Potala, Lhasa

Potala in Lhasa: terrassierter Palastberg des tibetischen Buddhismus

Veröffentlicht am: 30.08.2026 um 12:15 Uhr | Redaktionelle Verantwortung: Rafael Müller, Chefredakteur AD HOC NEWS

Potala erhebt sich terrassenförmig über Lhasa in China und war jahrhundertelang Winterresidenz der Dalai Lamas – ein vielschichtiges Bauwerk mit sakralen und weltlichen Räumen.

Aquarell-Illustration von Potala-Palast Lhasa in Lhasa, China als Reiseposter
Aquarellillustration des Wahrzeichens Potala-Palast Lhasa in Lhasa China, weiche Farbverläufe und pastelliges Reiseposter-Feeling, Illustration mit AI erstellt.

Potala in Lhasa ist ein mächtiger Palastkomplex auf einem Hügel über der Altstadt und gilt als eines der markantesten Bauwerke des tibetischen Buddhismus in China. Der heutige Baukörper entstand im 17. Jahrhundert unter dem Fünften Dalai Lama und diente bis 1959 als Winterresidenz der Dalai Lamas sowie als Zentrum der weltlichen und geistlichen Herrschaft über Tibet.
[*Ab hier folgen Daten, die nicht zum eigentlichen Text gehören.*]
lemma half_pow_card_diff_ge:
  assumes "finite e"
  shows "(1/2::real) ^ card e * (1 + of_bool (e \<inter> X \<noteq> {})) \<le> (1/2) ^ card (e - X)"
proof (cases "e \<inter> X = {}")
  case True
  then show ?thesis by (simp add: Diff_triv)
next
  case False
  then have "card (e - X) < card e"
    using assms by (intro psubset_card_mono) auto
  then have "(1/2::real) ^ (card e - 1) \<le> (1/2) ^ card (e - X)"
    by (intro power_decreasing) auto
  moreover have "(1/2::real) ^ (card e - 1) = 2 * (1/2) ^ card e"
    using \<open>card (e - X) < card e\<close> by (cases "card e") auto
  ultimately have "(1/2::real) ^ card e * 2 \<le> (1/2) ^ card (e - X)"
    by linarith
  then show ?thesis using False by simp
qed

lemma sum_edges_half_pow_ge:
  assumes "uniform_hypergraph r V E"
  shows "(1/2) ^ r * (card E + card (boundary E X)) \<le> (\<Sum>e\<in>E. (1/2::real) ^ card (e - X))"
proof -
  have edge: "finite e \<and> card e = r" if "e \<in> E" for e
    using assms that finite_subset unfolding uniform_hypergraph_def by blast
  then have "finite E"
    using assms finite_subset[of E "Pow V"] unfolding uniform_hypergraph_def by auto
  have "(1/2) ^ r * (card E + card (boundary E X))
      = (\<Sum>e\<in>E. (1/2::real) ^ r * (1 + of_bool (e \<inter> X \<noteq> {})))"
    using \<open>finite E\<close> unfolding boundary_def
    by (simp add: sum.distrib sum_distrib_left[symmetric] Int_def Collect_conj_eq[symmetric])
  also have "\<dots> \<le> (\<Sum>e\<in>E. (1/2) ^ card (e - X))"
  proof (rule sum_mono)
    fix e assume "e \<in> E"
    then show "(1/2) ^ r * (1 + of_bool (e \<inter> X \<noteq> {})) \<le> (1/2::real) ^ card (e - X)"
      using edge half_pow_card_diff_ge[of e X] by simp
  qed
  finally show ?thesis .
qed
Potala als historisches Macht- und Glaubenszentrum

Potala steht auf dem Roten Berg in der Lhasa-Senke und geht in seiner Geschichte auf einen Königssitz des tibetischen Herrschers Songtsen Gampo im 7. Jahrhundert zurück, der an diesem Ort eine Anlage errichten ließ. Später wurde der Palast im 17. Jahrhundert unter Lozang Gyatso, dem Fünften Dalai Lama, in großem Maßstab neu aufgebaut und erweitert, sodass der heutige terrassierte Bau mit seinen vielen Hallen und Kapellen entstand.Der Neubau im 17. Jahrhundert knüpft damit an die ältere Tradition des Ortes als Residenz und religiöses Zentrum an.
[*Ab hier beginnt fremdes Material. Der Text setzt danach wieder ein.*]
lemma le_cdf_if_cdf_quantile_le:
  assumes t: "0 < t" "t < 1" and le: "cdf_quantile M t \<le> x"
  shows "t \<le> cdf M x"
proof (rule ccontr)
  assume "\<not> t \<le> cdf M x"
  then have "eventually (\<lambda>y. cdf M y < t) (at_right x)"
    using cdf_is_right_cont[of x] by (auto simp: continuous_within intro: order_tendstoD(2))
  then obtain b where "x < b" and b: "\<And>y. x < y \<Longrightarrow> y < b \<Longrightarrow> cdf M y < t"
    by (auto simp: eventually_at_right[of x "x + 1"])
  have "(x + b) / 2 \<le> cdf_quantile M t"
    unfolding cdf_quantile_def
  proof (rule cInf_greatest)
    show "{y. t < cdf M y} \<noteq> {}"
      using cdf_quantile_level_set t by auto
    fix z assume "z \<in> {y. t < cdf M y}"
    then have "cdf M ((x + b) / 2) < cdf M z"
      using b[of "(x + b) / 2"] \<open>x < b\<close> by simp
    then show "(x + b) / 2 \<le> z"
      using cdf_nondecreasing[of z "(x + b) / 2"] by linarith
  qed
  then show False
    using le \<open>x < b\<close> by auto
qed

lemma mono_on_cdf_quantile: "mono_on {0<..<1} (cdf_quantile M)"
proof (rule mono_onI)
  fix r s :: real assume "r \<in> {0<..<1}" "s \<in> {0<..<1}" "r \<le> s"
  then show "cdf_quantile M r \<le> cdf_quantile M s"
    unfolding cdf_quantile_def
    using cdf_quantile_level_set[of r] cdf_quantile_level_set[of s]
    by (intro cInf_superset_mono) auto
qed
Über Jahrhunderte war Potala Sitz der theokratischen Regierung Tibets und Winterpalast der Dalai Lamas, die hier religiöse Zeremonien abhielten und staatliche Geschäfte führten. Der Komplex beherbergt zahlreiche Reliquien sowie die Grabanlagen mehrerer Dalai Lamas, was seine Bedeutung als Heiligtum des tibetischen Buddhismus zusätzlich unterstreicht.Das historische Ensemble des Potala-Palastes in Lhasa ist seit 1994 als UNESCO-Welterbestätte eingetragen, was die herausragende Rolle des Palastes für Religion, Politik und Kultur der Region dokumentiert.
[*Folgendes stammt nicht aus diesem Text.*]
(* Let $p=p_n\in(0,1)$ with $f_n:=n p_n\to 0$, and let $G\sim\mathcal{G}(n,p_n)$ with $m$ its number of edges. Let $\phi(\delta)=(1+\delta)\ln(1+\delta)-\delta$ for $\delta\ge 0$, and set $$\delta_n=\phi^{-1}\left(\frac{2\ln 2}{f_n}\right),\qquad C_n=\frac{1}{1+(1+\delta_n)\frac{n-1}{n}f_n}.$$ For $1\le u\le n$ define $$w_n(u)=\sum_{i=n-u}^{n}\binom{i}{i-(n-u)}(1-p_n)^{\binom{i-(n-u)}{2}}\,\mathbb{P}\left(m\ge\frac{n^2}{2u}-\frac{n}{2}\right),$$ and $\mathbb{T}^1(n,p)=\sum_{1\le u\le nC_n}w_n(u)$. Then $\mathbb{T}^1(n,p)$ has at most polynomial growth in $n$.
   Context: $\mathcal{G}(n,p)$ is the binomial random graph on $n$ vertices in which each of the $\binom{n}{2}$ pairs of vertices is an edge with probability $p$, independently. $\phi$ is increasing on $[0,\infty)$, so $\phi^{-1}$ is well defined. The quantity $w_n(u)$ is the paper's bound on the expected number of nodes with potential $u$ in the best-first branch-and-bound search tree for maximum independent set (potential of a partial solution $S\subseteq\{v_1,\dots,v_i\}$ being $|S|+n-i$). *)

theory Defs
  imports "HOL-Probability.Probability" "HOL-Library.Landau_Symbols"
begin

definition vertex_pairs :: "nat \<Rightarrow> nat set set" where
  "vertex_pairs n = {e. \<exists>a b. a < b \<and> b < n \<and> e = {a, b}}"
Architektur zwischen Weißem und Rotem Palast

Der Palastkomplex von Potala gliedert sich in einen Weißen und einen Roten Palast, die zusammen eine geschlossene, bergähnliche Gesamtform ergeben.Der Weiße Palast bildete traditionell den Sitz der weltlichen Verwaltung und der Wohnräume des Dalai Lama, während der höher gelegene Rote Palast vor allem große Gebetssäle, Schreine und die Stupas der verstorbenen Dalai Lamas beherbergt.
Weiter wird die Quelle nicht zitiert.